Dann weiter über die üblich schlechten Strassen in die ukrainsichen Karpathen, Uzghorod.
Diesmal waren die reifen des Busses relativ friedlich, dafür musste ich den Bremskompressorschlauch zweimal erneuern, da der erste nicht für hohe Temperaturen ausgeleget war und nach ein paar tausend Kilometer wieder leckte.
Hinter den ukrainischen Karpathen gings dann nach Moldawien, Chisinau, und weiter nach Bessarabien dem Südzipfel Moldawiens.
Dort wurden die Strassen weitgehend unpassierbar und die eine kleine Grenze gschlossen wegen Computerfehler, dioe andere nicht für Ausländer passierbar nur für moldawische und ukrainische Anlieger, dann endlich nach stundenlangem schlingern über aufgelöste Strassen der letzte Übergang.
Der Zöllner hatte vermutlich Langeweile und durchstöberte unseren Bus auf der Suche nach was weiss der Geier, nur den Kühlschrank hat er kurz geöffnet und geschlossen und geflissentlich alle Lebensmittel übersehen, da offiziell keine Milch und Fleischprodukte die Grenze passieren dürfen.
Dann wieder in er Ukraine in einem kleinen halb verlassenen und verschlafenen Städtchen Izmail, an der Donaumündung ein kleiner Stop für ein frisches Gezapftes.
Zwei junge aber ziemlich unansehliche Frauen bieten uns ihre Dienste vergeblich an, auch ein Bier wollen wir nicht ausgeben.
Das Lenin Denkmal ohne Lenin, aber das lässt sich schnell ändern.
Die Abkürzung nach Vilkovo dem ukrainischen Venedig über 50 km völlig unpassierbare Strassenreste, ein Tagesritt.
Als Einlage fast im Schlamm endgültig steckengbleiben, dort wäre im Umkreis von mehr als 20 km nichts zu erwarten gewesen, Autos dort schon lange nicht mehr gesehen.
Vilkovo durchaus interessant durch seine vielen Kanäle, welche nur selten die Häuser streifen, ein Ausflug über den Donauarm und eine anschliessende Weinprobe lasen Urlaubsstimmung aufkommen.
Am nächsten Morgen die ersten kleinen Probleme mit der Einspritzung, der Bus nimmt kein Gas an, wir pumpen, säubern den Vorfilter und dann geht’s bald wieder normal voran, aber das Problem wird uns bis zum Ende der Fahrt treu begleiten.

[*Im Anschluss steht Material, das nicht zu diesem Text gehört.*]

text \<open>Mixed conditional moments of a random variable are bounded by its unconditional absolute
  moment of total order s: conditional Jensen controls each factor by the conditional
  moment of order s, and the weighted product bound combines them.\<close>

lemma mixed_cond_moment_le:
  fixes V :: "'a \<Rightarrow> real" and i n :: "nat \<Rightarrow> nat" and k :: nat
  defines "s \<equiv> (\<Sum>j<k. i j * n j)"
  assumes "k \<ge> 1" and pos: "\<And>j. j < k \<Longrightarrow> i j > 0 \<and> n j > 0"
    and V [measurable]: "V \<in> borel_measurable M"
    and V_p: "\<And>p. p > 0 \<Longrightarrow> integrable M (\<lambda>x. \<bar>V x\<bar> ^ p)"
  shows "(\<integral>\<^sup>+x. ennreal (\<Prod>j<k. \<bar>real_cond_exp M F (\<lambda>x. V x ^ i j) x\<bar> ^ n j) \<partial>M)
           \<le> ennreal (\<integral>x. \<bar>V x\<bar> ^ s \<partial>M)"
proof -
  let ?E = "real_cond_exp M F"
  have s_pos: "s > 0"
    unfolding s_def using \<open>k \<ge> 1\<close> pos by (intro sum_pos2[of _ 0]) simp_all
  have moment_le: "AE x in M. \<bar>?E (\<lambda>x. V x ^ i j) x\<bar> powr (real s / real (i j)) \<le> ?E (\<lambda>x. \<bar>V x\<bar> ^ s) x"
    if j: "j < k" for j
  proof -
    have "i j \<le> s"
      unfolding s_def using j pos[OF j] by (intro order_trans[OF _ member_le_sum[of j]]) simp_all
    then have "real s / real (i j) \<ge> 1" using pos[OF j] by simp
    moreover have "(\<lambda>x. \<bar>V x ^ i j\<bar> powr (real s / real (i j))) = (\<lambda>x. \<bar>V x\<bar> ^ s)"
      using pos[OF j] s_pos by (intro ext abs_power_powr) simp_all
    moreover have "integrable M (\<lambda>x. V x ^ i j)"
    proof -
      have "integrable M (\<lambda>x. \<bar>V x ^ i j\<bar>)"
        using V_p[of "i j"] pos[OF j] by (simp only: power_abs)
      then show ?thesis by (simp only: integrable_abs_iff[of "\<lambda>x. V x ^ i j"] V borel_measurable_power)
    qed
    ultimately show ?thesis
      using real_cond_exp_abs_powr_le(1)[of "real s / real (i j)" "\<lambda>x. V x ^ i j"] V_p[OF s_pos] by simp
  qed
  have "AE x in M. \<forall>j\<in>{..<k}. \<bar>?E (\<lambda>x. V x ^ i j) x\<bar> powr (real s / real (i j)) \<le> ?E (\<lambda>x. \<bar>V x\<bar> ^ s) x"
    using moment_le by (intro AE_finite_allI) simp_all
  then have "AE x in M. (\<Prod>j<k. \<bar>?E (\<lambda>x. V x ^ i j) x\<bar> ^ n j) \<le> ?E (\<lambda>x. \<bar>V x\<bar> ^ s) x"
  proof eventually_elim
    case (elim x)
    show ?case
      by (rule prod_power_le_of_powr_le[of k i n, folded s_def]) (use \<open>k \<ge> 1\<close> pos elim in auto)
  qed
  then have "(\<integral>\<^sup>+x. ennreal (\<Prod>j<k. \<bar>?E (\<lambda>x. V x ^ i j) x\<bar> ^ n j) \<partial>M)
               \<le> (\<integral>\<^sup>+x. ennreal (?E (\<lambda>x. \<bar>V x\<bar> ^ s) x) \<partial>M)"
    by (intro nn_integral_mono_AE) (auto elim!: eventually_mono intro: ennreal_leI)
  also have "\<dots> = ennreal (\<integral>x. ?E (\<lambda>x. \<bar>V x\<bar> ^ s) x \<partial>M)"
    using real_cond_exp_int(1)[OF V_p[OF s_pos]] by (intro nn_integral_eq_integral real_cond_exp_pos) simp_all
  also have "\<dots> = ennreal (\<integral>x. \<bar>V x\<bar> ^ s \<partial>M)"
    using real_cond_exp_int(2)[OF V_p[OF s_pos]] by simp
  finally show ?thesis .
qed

„Der Versuch sich selber und dem dauernd organisierten und organisierendem Ich zu entkommen endet mitunter abrupt im Fluss, orientierungslos bis zum Hals in vollen Klamotten im Wasser erwacht, dann startet wieder die Reorganisation. Doch das Fleisch wird müde, es kämpft sich ab am Leben – sinnlos – selbstentleerend. Da war kein Halt im Wasser, nur ich selbst, – genausogut hätte ich auch ertrinken können.“
(das Ende eines durchzechten Abends mit Wodka Büffelgras)

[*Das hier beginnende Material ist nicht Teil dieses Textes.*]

(* Let $G$ be a 5-vertex-critical $(P_5,\text{chair})$-free graph and let $C=v_1v_2v_3v_4v_5v_1$ be an induced $C_5$ in $G$. Then for every $1\le i\le 5$, every vertex of $V(G)\setminus(S^2_3(i)\cup S_4(i)\cup S_5)$ is either complete or anticomplete to $S^2_3(i)$.
   Context: All graphs are finite and simple; $P_5$ is the path on 5 vertices; the chair is a $P_4$ plus a vertex adjacent to exactly one of the two middle vertices of the $P_4$; "$H$-free" means no induced subgraph isomorphic to $H$; $G$ is $k$-vertex-critical if $\chi(G)=k$ and $\chi(G-v)<k$ for all $v$. Indices modulo 5; for $v\notin V(C)$ let $N_C(v)=N(v)\cap V(C)$. $S^2_3(i)=\{v\notin V(C): N_C(v)=\{v_{i-2},v_i,v_{i+2}\}\}$, $S_4(i)=\{v\notin V(C): N_C(v)=\{v_{i-2},v_{i-1},v_{i+1},v_{i+2}\}\}$, $S_5=\{v\notin V(C): N_C(v)=V(C)\}$. Complete/anticomplete: adjacent/nonadjacent to every vertex of the set. *)

theory Defs
  imports Main
begin

definition simple_graph :: "'a set \<Rightarrow> ('a \<Rightarrow> 'a \<Rightarrow> bool) \<Rightarrow> bool" where
  "simple_graph V E \<longleftrightarrow> finite V \<and> (\<forall>x y. E x y \<longrightarrow> x \<in> V \<and> y \<in> V)
     \<and> (\<forall>x y. E x y \<longrightarrow> E y x) \<and> (\<forall>x. \<not> E x x)"

definition colorable :: "'a set \<Rightarrow> ('a \<Rightarrow> 'a \<Rightarrow> bool) \<Rightarrow> nat \<Rightarrow> bool" where
  "colorable V E k \<longleftrightarrow> (\<exists>c :: 'a \<Rightarrow> nat. (\<forall>v\<in>V. c v < k)
      \<and> (\<forall>u\<in>V. \<forall>v\<in>V. E u v \<longrightarrow> c u \<noteq> c v))"

definition chromatic_number :: "'a set \<Rightarrow> ('a \<Rightarrow> 'a \<Rightarrow> bool) \<Rightarrow> nat" where
  "chromatic_number V E = (LEAST k. colorable V E k)"

text \<open>k-vertex-critical: chi(G) = k and chi(G - v) < k for every vertex v.
  G - v is the subgraph induced by V - {v} (colourings only look at edges inside the set).\<close>
definition vertex_critical :: "'a set \<Rightarrow> ('a \<Rightarrow> 'a \<Rightarrow> bool) \<Rightarrow> nat \<Rightarrow> bool" where
  "vertex_critical V E k \<longleftrightarrow> chromatic_number V E = k
     \<and> (\<forall>v\<in>V. chromatic_number (V - {v}) E < k)"

definition has_induced :: "'a set \<Rightarrow> ('a \<Rightarrow> 'a \<Rightarrow> bool) \<Rightarrow> 'b set \<Rightarrow> ('b \<Rightarrow> 'b \<Rightarrow> bool) \<Rightarrow> bool" where
  "has_induced V E VH EH \<longleftrightarrow> (\<exists>f. inj_on f VH \<and> f ` VH \<subseteq> V
      \<and> (\<forall>x\<in>VH. \<forall>y\<in>VH. E (f x) (f y) \<longleftrightarrow> EH x y))"

definition H_free :: "'a set \<Rightarrow> ('a \<Rightarrow> 'a \<Rightarrow> bool) \<Rightarrow> 'b set \<Rightarrow> ('b \<Rightarrow> 'b \<Rightarrow> bool) \<Rightarrow> bool" where
  "H_free V E VH EH \<longleftrightarrow> \<not> has_induced V E VH EH"

definition P5_E :: "nat \<Rightarrow> nat \<Rightarrow> bool" where
  "P5_E x y \<longleftrightarrow> x = y + 1 \<or> y = x + 1"

definition chair_E :: "nat \<Rightarrow> nat \<Rightarrow> bool" where
  "chair_E x y \<longleftrightarrow> (x < 4 \<and> y < 4 \<and> (x = y + 1 \<or> y = x + 1))
     \<or> {x, y} = {1, 4}"

text \<open>v 0, ..., v 4 form an induced C5 (v_i adjacent v_{i+1 mod 5}); indices are taken mod 5,
  so the paper's v_1..v_5 correspond to v 1, ..., v 4, v 0.\<close>
definition induced_C5 :: "'a set \<Rightarrow> ('a \<Rightarrow> 'a \<Rightarrow> bool) \<Rightarrow> (nat \<Rightarrow> 'a) \<Rightarrow> bool" where
  "induced_C5 V E v \<longleftrightarrow> (\<forall>i<5. v i \<in> V) \<and> inj_on v {..<5}
     \<and> (\<forall>i<5. \<forall>j<5. E (v i) (v j) \<longleftrightarrow> (j = (i + 1) mod 5 \<or> i = (j + 1) mod 5))"

definition C5_set :: "(nat \<Rightarrow> 'a) \<Rightarrow> 'a set" where
  "C5_set v = v ` {..<5}"

definition N_C :: "('a \<Rightarrow> 'a \<Rightarrow> bool) \<Rightarrow> (nat \<Rightarrow> 'a) \<Rightarrow> 'a \<Rightarrow> 'a set" where
  "N_C E v u = {w \<in> C5_set v. E u w}"

text \<open>S^2_3(i): N_C = {v_{i-2}, v_i, v_{i+2}}  (i-2 = i+3 mod 5).\<close>
definition S23 :: "'a set \<Rightarrow> ('a \<Rightarrow> 'a \<Rightarrow> bool) \<Rightarrow> (nat \<Rightarrow> 'a) \<Rightarrow> nat \<Rightarrow> 'a set" where
  "S23 V E v i = {u \<in> V - C5_set v.
      N_C E v u = {v ((i + 3) mod 5), v (i mod 5), v ((i + 2) mod 5)}}"

text \<open>S_4(i): N_C = {v_{i-2}, v_{i-1}, v_{i+1}, v_{i+2}}.\<close>
definition S4 :: "'a set \<Rightarrow> ('a \<Rightarrow> 'a \<Rightarrow> bool) \<Rightarrow> (nat \<Rightarrow> 'a) \<Rightarrow> nat \<Rightarrow> 'a set" where
  "S4 V E v i = {u \<in> V - C5_set v.
      N_C E v u = {v ((i + 3) mod 5), v ((i + 4) mod 5), v ((i + 1) mod 5), v ((i + 2) mod 5)}}"

definition S5 :: "'a set \<Rightarrow> ('a \<Rightarrow> 'a \<Rightarrow> bool) \<Rightarrow> (nat \<Rightarrow> 'a) \<Rightarrow> 'a set" where
  "S5 V E v = {u \<in> V - C5_set v. N_C E v u = C5_set v}"

definition complete_to :: "('a \<Rightarrow> 'a \<Rightarrow> bool) \<Rightarrow> 'a \<Rightarrow> 'a set \<Rightarrow> bool" where
  "complete_to E x S \<longleftrightarrow> (\<forall>s\<in>S. E x s)"

definition anticomplete_to :: "('a \<Rightarrow> 'a \<Rightarrow> bool) \<Rightarrow> 'a \<Rightarrow> 'a set \<Rightarrow> bool" where
  "anticomplete_to E x S \<longleftrightarrow> (\<forall>s\<in>S. \<not> E x s)"

end

theory Submission
  imports Defs
begin

text \<open>After rotating the cycle we may take \<open>i = 0\<close>. Suppose \<open>x\<close> is adjacent to
  \<open>u \<in> S23(0)\<close> but not to \<open>w \<in> S23(0)\<close>. Then \<open>x\<close> is off the cycle (a cycle neighbour of \<open>u\<close>
  is one of \<open>w\<close>), and five configurations on vertices among \<open>v\<^sub>0, \<dots>, v\<^sub>4, u, w, x\<close> would be
  induced \<open>P\<^sub>5\<close>s or chairs unless \<open>x\<close> has certain neighbours on the cycle. These constraints,
  together with their images under the reflection \<open>k \<mapsto> -k\<close> (which fixes \<open>S23(0)\<close>), leave
  exactly the cycle neighbourhoods \<open>{v\<^sub>3, v\<^sub>0, v\<^sub>2}\<close>, \<open>{v\<^sub>1, \<dots>, v\<^sub>4}\<close> and \<open>{v\<^sub>0, \<dots>, v\<^sub>4}\<close>,
  i.e. \<open>x \<in> S23(0) \<union> S4(0) \<union> S5\<close>.\<close>

lemma has_induced_listI:
  assumes "distinct ps" "set ps \<subseteq> V" "length ps = n"
    and "\<forall>i\<in>{0..<n}. \<forall>j\<in>{0..<n}. E (ps ! i) (ps ! j) \<longleftrightarrow> EH i j"
  shows "has_induced V E {0..<n} EH"
  unfolding has_induced_def
proof (intro exI conjI)
  show "inj_on (nth ps) {0..<n}"
    using assms(1,3) by (simp add: inj_on_def nth_eq_iff_index_eq)
  show "nth ps ` {0..<n} \<subseteq> V"
    using assms(2,3) nth_mem by fastforce
qed (use assms(4) in blast)

lemma ball_atLeast0LessThan_five: "(\<forall>i\<in>{0..<5::nat}. P i) \<longleftrightarrow> P 0 \<and> P 1 \<and> P 2 \<and> P 3 \<and> P 4"
  by (auto simp: atLeast0LessThan lessThan_nat_numeral)

lemma no_induced_P5:
  assumes "H_free V E {0..<5::nat} P5_E" "simple_graph V E"
    and "distinct [p0, p1, p2, p3, p4]" "set [p0, p1, p2, p3, p4] \<subseteq> V"
    and "E p0 p1" "E p1 p2" "E p2 p3" "E p3 p4"
    and "\<not> E p0 p2" "\<not> E p0 p3" "\<not> E p0 p4" "\<not> E p1 p3" "\<not> E p1 p4" "\<not> E p2 p4"
  shows False
proof -
  have "E p q \<longleftrightarrow> E q p" "\<not> E p p" for p q
    using assms(2) unfolding simple_graph_def by blast+
  then have "has_induced V E {0..<5} P5_E"
    using assms(3-) by (intro has_induced_listI[where ps = "[p0, p1, p2, p3, p4]"])
      (simp_all add: ball_atLeast0LessThan_five P5_E_def)
  with assms(1) show False by (simp add: H_free_def)
qed

lemma no_induced_chair:
  assumes "H_free V E {0..<5::nat} chair_E" "simple_graph V E"
    and "distinct [p0, p1, p2, p3, p4]" "set [p0, p1, p2, p3, p4] \<subseteq> V"
    and "E p0 p1" "E p1 p2" "E p2 p3" "E p1 p4"
    and "\<not> E p0 p2" "\<not> E p0 p3" "\<not> E p0 p4" "\<not> E p1 p3" "\<not> E p2 p4" "\<not> E p3 p4"
  shows False
proof -
  have "E p q \<longleftrightarrow> E q p" "\<not> E p p" for p q
    using assms(2) unfolding simple_graph_def by blast+
  then have "has_induced V E {0..<5} chair_E"
    using assms(3-) by (intro has_induced_listI[where ps = "[p0, p1, p2, p3, p4]"])
      (simp_all add: ball_atLeast0LessThan_five chair_E_def doubleton_eq_iff)
  with assms(1) show False by (simp add: H_free_def)
qed

lemma induced_C5_reindex:
  assumes C: "induced_C5 V E v" and f: "bij_betw f {..<5} {..<5}"
    and adj: "\<And>p q. p < 5 \<Longrightarrow> q < 5 \<Longrightarrow>
      (f q = (f p + 1) mod 5 \<or> f p = (f q + 1) mod 5) \<longleftrightarrow> (q = (p + 1) mod 5 \<or> p = (q + 1) mod 5)"
  shows "induced_C5 V E (\<lambda>k. v (f k))"
  unfolding induced_C5_def
proof (intro conjI allI impI)
  have f_range: "p < 5 \<Longrightarrow> f p < 5" for p
    using f by (auto dest: bij_betw_apply)
  show "v (f p) \<in> V" if "p < 5" for p
    using C f_range[OF that] unfolding induced_C5_def by blast
  show "E (v (f p)) (v (f q)) \<longleftrightarrow> (q = (p + 1) mod 5 \<or> p = (q + 1) mod 5)"
    if "p < 5" "q < 5" for p q
    using C f_range[OF that(1)] f_range[OF that(2)] adj[OF that] unfolding induced_C5_def by blast
  have "inj_on v (f ` {..<5})"
    using C f unfolding induced_C5_def bij_betw_def by simp
  then show "inj_on (\<lambda>k. v (f k)) {..<5}"
    using comp_inj_on[of f "{..<5}" v] f unfolding bij_betw_def comp_def by blast
qed

lemma C5_set_reindex:
  assumes "bij_betw f {..<5} {..<5}"
  shows "C5_set (\<lambda>k. v (f k)) = C5_set v"
  using bij_betw_imp_surj_on[OF assms] unfolding C5_set_def by (simp add: image_image[symmetric])

lemma less_five_cases: "p < (5::nat) \<longleftrightarrow> p = 0 \<or> p = 1 \<or> p = 2 \<or> p = 3 \<or> p = 4"
  by auto

lemma lessThan_five: "{..<5::nat} = {0, 1, 2, 3, 4}"
  by auto

lemma rotate5_bij: "i < 5 \<Longrightarrow> bij_betw (\<lambda>k. (i + k) mod 5) {..<5::nat} {..<5}"
  unfolding less_five_cases lessThan_five
  by (elim disjE) (simp_all add: bij_betw_def insert_commute numeral_2_eq_2)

Schliesslich das Meer bei Prymorske erreicht. 25 Grad warmes Wasser und leichte Wellen, zwei ältere Herren aus Moldawien stehen mit ihrem alten Renault neben unserem Bus, sie machen Urlaub am Meer für einen Tag von Chisinau kommen. Schaschlikbuden gibt’s einige im Urlaubsort sowie einen Markt einheimischer Produkte und natürlich auch die vielen Chinesen Plastikmüllstände.
Viel Spektakel am Strand die letzten Urlaubstage werden von vielen Ukrainern genutzt ob Krieg oder nicht, es scheint kaum jemanden zu interessieren.

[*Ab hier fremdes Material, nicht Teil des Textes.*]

(* For every marked poset $(P,A,\lambda)$, the marked order polytope $\mathcal{O}_{P,A}(\lambda)$ and the marked chain polytope $\mathcal{C}_{P,A}(\lambda)$ are both normal (lattice) polytopes.
   Context: A marked poset is a triple $(P,A,\lambda)$ where $(P,\prec)$ is a finite poset, $A\subseteq P$ contains all minimal and all maximal elements of $P$, and $\lambda:A\to\mathbb{Z}_{\ge 0}$, $a\mapsto\lambda_a$. The marked order polytope $\mathcal{O}_{P,A}(\lambda)\subset\mathbb{R}^{P\setminus A}$ is the set of $(x_p)_{p\in P\setminus A}$ with $x_p\le x_q$ for $p\prec q$ in $P\setminus A$, $x_p\le\lambda_a$ for $p\prec a$, $a\in A$, and $\lambda_b\le x_q$ for $b\prec q$, $b\in A$. The marked chain polytope $\mathcal{C}_{P,A}(\lambda)\subset\mathbb{R}^{P\setminus A}$ is the set of $(x_p)_{p\in P\setminus A}$ with $x_p\ge0$ for all $p$, and $x_{p_1}+\cdots+x_{p_n}\le\lambda_a-\lambda_b$ for every chain $b\prec p_n\prec\cdots\prec p_1\prec a$ with $n\ge1$, $a,b\in A$, $p_i\in P\setminus A$. A lattice polytope $Q\subset\mathbb{R}^d$ is normal if for every $n\in\mathbb{N}$ the set $nQ\cap\mathbb{Z}^d$ is the $n$-fold Minkowski sum of $Q\cap\mathbb{Z}^d$. *)

theory Defs
  imports Complex_Main "HOL-Library.Function_Algebras"
begin

text \<open>A marked poset (P, A, lambda): P is a finite set carrying the strict partial order lt
  (only its restriction to P matters), A is a subset of P containing all minimal and all
  maximal elements of P, and lambda : A -> Z_{>=0} is given as a function into nat
  (only its values on A matter).\<close>

definition marked_poset :: "'a set \<Rightarrow> ('a \<Rightarrow> 'a \<Rightarrow> bool) \<Rightarrow> 'a set \<Rightarrow> bool" where
  "marked_poset P lt A \<longleftrightarrow>
     finite P \<and>
     (\<forall>p\<in>P. \<not> lt p p) \<and>
     (\<forall>p\<in>P. \<forall>q\<in>P. \<forall>r\<in>P. lt p q \<and> lt q r \<longrightarrow> lt p r) \<and>
     A \<subseteq> P \<and>
     (\<forall>p\<in>P. (\<forall>q\<in>P. \<not> lt q p) \<longrightarrow> p \<in> A) \<and>
     (\<forall>p\<in>P. (\<forall>q\<in>P. \<not> lt p q) \<longrightarrow> p \<in> A)"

Auf dem Wege nach Odessa passieren wir unbeabsichtigt Transnistrien, ein Militärposten fragt uns „Transit?“, wieviele Leute“ und reicht uns dann einen gestempelten Zettel mit Uhrzeit und Fahrzeugnummer. Nach ca. 10 km geben wir den dann an einem anderen Militärposten ab und befahren wieder die Republik Ukraine.
In Odessa trenne sich unsere Wege für eine Zeitlang, die 4 Esten wollen 6 Tage in Odessa verbringen und wir uns auf die Spuren unseres lettsichen Freundes Arthurs begeben, welcher von 1988 – 1990 in Ivanovka im Osten der Ukraine Maisanbau und Ernte im Kolchosenaustauschprojekt zwischen Lettland und Ukraine 3 Jahre vom Frühjahr bis zum Spätsommer erlebt hat.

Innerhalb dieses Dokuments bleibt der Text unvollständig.